- _ACTION ITEM_: One number is the whole answer: how many lines of the records include "dderiv".

- _MATERIAL SUPPLIED_:
(* Let $\tfrac12\le s<1$ and for $\varepsilon>0$ let $B_\varepsilon=\{(x,y)\in\mathbb{R}^n\times\mathbb{R}^n:|x-y|<\varepsilon\}$ and $B_\varepsilon^c$ its complement in $\mathbb{R}^{2n}$. For every $\Phi\in\mathscr{C}_c^\infty(\mathbb{R}^{2n})$ the limit $$\langle\!\langle S,\Phi\rangle\!\rangle=\lim_{\varepsilon\to0}\iint_{B^c_\varepsilon}\frac{\Phi(x,y)-\Phi(x,x)}{|x-y|^{n+2s}}\,dx\,dy$$ exists (each integral converging absolutely), and $S$ is a distribution in $\mathscr{D}'(\mathbb{R}^{2n})$.
   Context: $\mathscr{D}'(\mathbb{R}^{2n})$ is the space of linear functionals on $\mathscr{C}_c^\infty(\mathbb{R}^{2n})$ continuous for its usual topology. *)

theory Defs
  imports "HOL-Analysis.Analysis"
begin

fun dderiv :: "'a::euclidean_space list \<Rightarrow> ('a \<Rightarrow> real) \<Rightarrow> 'a \<Rightarrow> real" where
  "dderiv [] f = f"
| "dderiv (v # vs) f = (\<lambda>x. frechet_derivative (dderiv vs f) (at x) v)"

definition smooth :: "('a::euclidean_space \<Rightarrow> real) \<Rightarrow> bool" where
  "smooth f \<longleftrightarrow> (\<forall>vs. set vs \<subseteq> Basis \<longrightarrow> (\<forall>x. dderiv vs f differentiable (at x)))"

definition tsupport :: "('a::euclidean_space \<Rightarrow> real) \<Rightarrow> 'a set" where
  "tsupport f = closure {x. f x \<noteq> 0}"

definition test_fun :: "('a::euclidean_space \<Rightarrow> real) \<Rightarrow> bool" where
  "test_fun f \<longleftrightarrow> smooth f \<and> compact (tsupport f)"

definition Cm_seminorm :: "nat \<Rightarrow> ('a::euclidean_space \<Rightarrow> real) \<Rightarrow> real" where
  "Cm_seminorm m f = (\<Sum>vs\<in>{vs. set vs \<subseteq> Basis \<and> length vs \<le> m}. (SUP x. \<bar>dderiv vs f x\<bar>))"

text \<open>A distribution: a linear functional on C_c^infinity which is continuous for the usual
  (inductive limit) topology, i.e. continuous on each D_K, i.e. bounded on D_K by
  finitely many seminorms.\<close>
definition distribution :: "(('a::euclidean_space \<Rightarrow> real) \<Rightarrow> real) \<Rightarrow> bool" where
  "distribution T \<longleftrightarrow>
     (\<forall>f g. test_fun f \<longrightarrow> test_fun g \<longrightarrow> T (\<lambda>x. f x + g x) = T f + T g) \<and>
     (\<forall>c f. test_fun f \<longrightarrow> T (\<lambda>x. c * f x) = c * T f) \<and>
     (\<forall>K. compact K \<longrightarrow> (\<exists>C m. \<forall>f. test_fun f \<and> tsupport f \<subseteq> K \<longrightarrow>
          \<bar>T f\<bar> \<le> C * Cm_seminorm m f))"

definition Bc :: "real \<Rightarrow> ((real^'n) \<times> (real^'n)) set" where
  "Bc \<epsilon> = {z. dist (fst z) (snd z) \<ge> \<epsilon>}"

definition kernel_S :: "real \<Rightarrow> ((real^'n) \<times> (real^'n) \<Rightarrow> real) \<Rightarrow> (real^'n) \<times> (real^'n) \<Rightarrow> real" where
  "kernel_S s \<Phi> z = (\<Phi> z - \<Phi> (fst z, fst z)) / norm (fst z - snd z) powr (real CARD('n) + 2 * s)"

definition trunc_S :: "real \<Rightarrow> ((real^'n) \<times> (real^'n) \<Rightarrow> real) \<Rightarrow> real \<Rightarrow> real" where
  "trunc_S s \<Phi> \<epsilon> = (LINT z:Bc \<epsilon>|lborel. kernel_S s \<Phi> z)"

definition S_op :: "real \<Rightarrow> ((real^'n) \<times> (real^'n) \<Rightarrow> real) \<Rightarrow> real" where
  "S_op s \<Phi> = Lim (at_right 0) (trunc_S s \<Phi>)"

- _RESPONSE BOX_: 5